Engine history bonus question for 100 points: What technology has been shared by the P-47 Thunderbolt fighter plane, Oldsmobile's 1962 Jetfire V8, the Saab 99 Turbo, and the 2016 BMW M4 GTS?
Answer: Water injection, a proven technique for raising the knock threshold, enabling a higher compression ratio for more power output over a wide operating range. Water injection is particularly effective in highly boosted engines, hence BMW's adoption of it in a limited-production run of M TwinPower 3.0-L Turbo inline six units powering the track-day-focused M4 GTS.
BMW's engineering logic says that in turbocharged engines, the intake air is heated in the turbo compressor to as much as 160°C (320°F). But the effectiveness of intercoolers in reducing the pressurized intake-air temperature is limited by system size, configuration, and vehicle aerodynamics. So simply increasing boost pressure to raise engine power is not viable, as it would exceed the knock threshold.
Enter water injection where, in the case of the M4 GTS application, a fine mist of H2O is injected at 145 psi (10 bar) by three dedicated injectors into the intake plenum.
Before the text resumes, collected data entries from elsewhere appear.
lemma theta_reg_first_order_bounds:
  assumes rho: "\<rho> > 0"
  shows "theta_reg \<rho> f g Astar p + inner (A (xf \<rho> f Astar p) - xg g p) (q - p) \<le> theta_reg \<rho> f g Astar q"
    and "theta_reg \<rho> f g Astar q \<le> theta_reg \<rho> f g Astar p + inner (A (xf \<rho> f Astar p) - xg g p) (q - p)
           + ((onorm A)\<^sup>2 / \<rho> + 1 / \<mu>) / 2 * (norm (q - p))\<^sup>2"
proof -
  define X where "X p = xf \<rho> f Astar p" for p
  define Y where "Y p = xg g p" for p
  define fX where "fX p = real_of_ereal (f (X p))" for p
  define gY where "gY p = real_of_ereal (g (Y p))" for p
  have X: "f (X p) = ereal (fX p) \<and> (\<forall>y b. f y = ereal b \<longrightarrow> fX p + \<rho> / 2 * (norm (X p))\<^sup>2
      - inner p (A (X p)) + \<rho> / 2 * (norm (y - X p))\<^sup>2 \<le> b + \<rho> / 2 * (norm y)\<^sup>2 - inner p (A y))" for p
    using xf_characterization[OF rho f_proper f_convex f_lsc, of Astar p]
    unfolding X_def fX_def Astar_adj by auto
  have Y: "g (Y p) = ereal (gY p) \<and> (\<forall>y b. g y = ereal b \<longrightarrow> inner p (Y p) + gY p
      + \<mu> / 2 * (norm (y - Y p))\<^sup>2 \<le> inner p y + b)" for p
    using xg_characterization[OF mu_pos g_proper g_sc g_lsc, of p] unfolding Y_def gY_def by auto
  define \<Phi> where "\<Phi> p = inner p (A (X p)) - \<rho> / 2 * (norm (X p))\<^sup>2 - fX p" for p
  define \<Psi> where "\<Psi> p = - inner p (Y p) - gY p" for p
  have theta_reg: "theta_reg \<rho> f g Astar p = \<Phi> p + \<Psi> p" for p
    using fconj_reg_at_xf[OF rho f_proper f_convex f_lsc, of Astar p] fconj_at_xg[OF mu_pos g_proper g_sc g_lsc, of p]
    unfolding theta_reg_def \<Phi>_def \<Psi>_def X_def Y_def fX_def gY_def Astar_adj by simp
  have growth_X: "fX p + \<rho> / 2 * (norm (X p))\<^sup>2 - inner p (A (X p)) + \<rho> / 2 * (norm (X q - X p))\<^sup>2
      \<le> fX q + \<rho> / 2 * (norm (X q))\<^sup>2 - inner p (A (X q))" for p q
    using X[of p] X[of q] by blast
  have growth_Y: "inner p (Y p) + gY p + \<mu> / 2 * (norm (Y q - Y p))\<^sup>2 \<le> inner p (Y q) + gY q" for p q
    using Y[of p] Y[of q] by blast
  note \<Phi>_bounds = regularized_value_function_bounds[OF A_lin rho growth_X \<Phi>_def]
  note \<Psi>_bounds = strongly_convex_value_function_bounds[OF mu_pos growth_Y \<Psi>_def]
  have gradient: "inner (A (X p) - Y p) (q - p) = inner (q - p) (A (X p)) - inner (q - p) (Y p)" for p q
    by (metis inner_commute inner_diff_left)
  show "theta_reg \<rho> f g Astar p + inner (A (xf \<rho> f Astar p) - xg g p) (q - p) \<le> theta_reg \<rho> f g Astar q"
    using \<Phi>_bounds(1)[of p q] \<Psi>_bounds(1)[of p q] unfolding theta_reg X_def[symmetric] Y_def[symmetric] gradient
    by linarith
  have "((onorm A)\<^sup>2 / \<rho> + 1 / \<mu>) / 2 * (norm (q - p))\<^sup>2
      = (onorm A)\<^sup>2 / (2 * \<rho>) * (norm (q - p))\<^sup>2 + 1 / (2 * \<mu>) * (norm (q - p))\<^sup>2"
    by (simp add: algebra_simps)
  then show "theta_reg \<rho> f g Astar q \<le> theta_reg \<rho> f g Astar p + inner (A (xf \<rho> f Astar p) - xg g p) (q - p)
      + ((onorm A)\<^sup>2 / \<rho> + 1 / \<mu>) / 2 * (norm (q - p))\<^sup>2"
    using \<Phi>_bounds(2)[of q p] \<Psi>_bounds(2)[of q p] unfolding theta_reg X_def[symmetric] Y_def[symmetric] gradient
    by linarith
qed

lemma theta_approximation:
  assumes rho: "\<rho> > 0" and bounded: "bounded (edom f)"
  shows "theta f g Astar p = ereal (real_of_ereal (theta f g Astar p))"
    and "theta_reg \<rho> f g Astar p \<le> real_of_ereal (theta f g Astar p)"
    and "real_of_ereal (theta f g Astar p) \<le> theta_reg \<rho> f g Astar p + \<rho> * Dconst f"
proof -
  obtain a where a: "fconj_reg \<rho> f (Astar p) = ereal a"
    using fconj_reg_at_xf[OF rho f_proper f_convex f_lsc, of Astar p] by blast
  obtain b where b: "fconj g (- p) = ereal b"
    using fconj_at_xg[OF mu_pos g_proper g_sc g_lsc, of p] by blast
  have below: "fconj_reg \<rho> f (Astar p) \<le> fconj f (Astar p)"
    using rho by (intro fconj_reg_le_fconj) simp
  have above: "fconj f (Astar p) \<le> fconj_reg \<rho> f (Astar p) + ereal (\<rho> * Dconst f)"
    using fconj_le_fconj_reg_add[OF f_proper bounded] rho by simp
  obtain c where c: "fconj f (Astar p) = ereal c" using below above a by (cases "fconj f (Astar p)") auto
  have "a \<le> c" "c \<le> a + \<rho> * Dconst f" using below above a c by simp_all
  then show "theta f g Astar p = ereal (real_of_ereal (theta f g Astar p))"
    and "theta_reg \<rho> f g Astar p \<le> real_of_ereal (theta f g Astar p)"
    and "real_of_ereal (theta f g Astar p) \<le> theta_reg \<rho> f g Astar p + \<rho> * Dconst f"
    unfolding theta_def theta_reg_def a b c by simp_all
qed

end

lemma gradient_step_descent:
  fixes \<phi> :: "'b::real_inner \<Rightarrow> real" and gr :: "'b \<Rightarrow> 'b"
  assumes L: "L > 0"
    and upper: "\<And>x y. \<phi> y \<le> \<phi> x + inner (gr x) (y - x) + L / 2 * (norm (y - x))\<^sup>2"
  shows "\<phi> (y - (1 / L) *\<^sub>R gr y) \<le> \<phi> y - (norm (gr y))\<^sup>2 / (2 * L)"
proof -
  define y' where "y' = y - (1 / L) *\<^sub>R gr y"
  have "\<phi> y' \<le> \<phi> y + inner (gr y) (y' - y) + L / 2 * (norm (y' - y))\<^sup>2" by (rule upper)
  moreover have "inner (gr y) (y' - y) = - (norm (gr y))\<^sup>2 / L"
    by (simp add: y'_def power2_norm_eq_inner)
  moreover have "L / 2 * (norm (y' - y))\<^sup>2 = (norm (gr y))\<^sup>2 / (2 * L)"
    using L by (simp add: y'_def power2_eq_square)
  moreover have "(norm (gr y))\<^sup>2 / L = (norm (gr y))\<^sup>2 / (2 * L) + (norm (gr y))\<^sup>2 / (2 * L)"
    by (simp add: field_simps)
  ultimately show ?thesis unfolding y'_def by linarith
qed

lemma gradient_zero_at_minimizer:
  fixes \<phi> :: "'b::real_inner \<Rightarrow> real" and gr :: "'b \<Rightarrow> 'b"
  assumes L: "L > 0"
    and upper: "\<And>x y. \<phi> y \<le> \<phi> x + inner (gr x) (y - x) + L / 2 * (norm (y - x))\<^sup>2"
    and min: "\<And>q. \<phi> p \<le> \<phi> q"
  shows "gr p = 0"
proof -
  have "\<phi> p \<le> \<phi> p - (norm (gr p))\<^sup>2 / (2 * L)"
    using min[of "p - (1 / L) *\<^sub>R gr p"] gradient_step_descent[OF L upper, of p] by linarith
  then show ?thesis using L by (simp add: divide_le_0_iff)
qed

lemma convex_smooth_cocoercive:
  fixes F :: "'b::real_inner \<Rightarrow> real" and G :: "'b \<Rightarrow> 'b"
  assumes L: "L > 0"
    and lower: "\<And>x y. F x + inner (G x) (y - x) \<le> F y"
    and upper: "\<And>x y. F y \<le> F x + inner (G x) (y - x) + L / 2 * (norm (y - x))\<^sup>2"
  shows "F x + inner (G x) (y - x) + (norm (G y - G x))\<^sup>2 / (2 * L) \<le> F y"
proof -
  define d where "d = G y - G x"
  define z where "z = y - (1 / L) *\<^sub>R d"
  have "F z \<le> F y + inner (G y) (z - y) + L / 2 * (norm (z - y))\<^sup>2" by (rule upper)
  moreover have "inner (G y) (z - y) = - (inner (G y) d / L)" by (simp add: z_def)
  moreover have "L / 2 * (norm (z - y))\<^sup>2 = (norm d)\<^sup>2 / (2 * L)"
    using L by (simp add: z_def power2_eq_square)
  moreover have "F x + inner (G x) (z - x) \<le> F z" by (rule lower)
  moreover have "inner (G x) (z - x) = inner (G x) (y - x) - inner (G x) d / L"
    by (simp add: z_def inner_diff_right)
  moreover have "inner (G y) d - inner (G x) d = (norm d)\<^sup>2"
    by (simp add: d_def power2_norm_eq_inner inner_diff_left)
  then have "inner (G y) d / L - inner (G x) d / L = (norm d)\<^sup>2 / (2 * L) + (norm d)\<^sup>2 / (2 * L)"
    using L by (simp add: field_simps)
  ultimately show ?thesis unfolding d_def by linarith
qed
This reduces the intake air temperature by an additional 27°C (80°F) beyond the intercoolers' capability, allowing spark timing to be advanced and more efficient, lower-temperature combustion to be realized. The engine is calibrated for minimum 95 RON gasoline.
Water injection adds complexity and cost, as BMW realizes. In the M4, the water injection module consisting of a 1.3 gal plastic water tank, a pump, sensors and valves resides in a compartment under the trunk. Water supply lines connect to the engine's intake plenum. The quantity of water injected varies depending on load, rpm, and temperature; track-day flogging may require the water tank be topped off at each refueling, while normal street driving extends the interval to about every fifth refueling, according to BMW engineers.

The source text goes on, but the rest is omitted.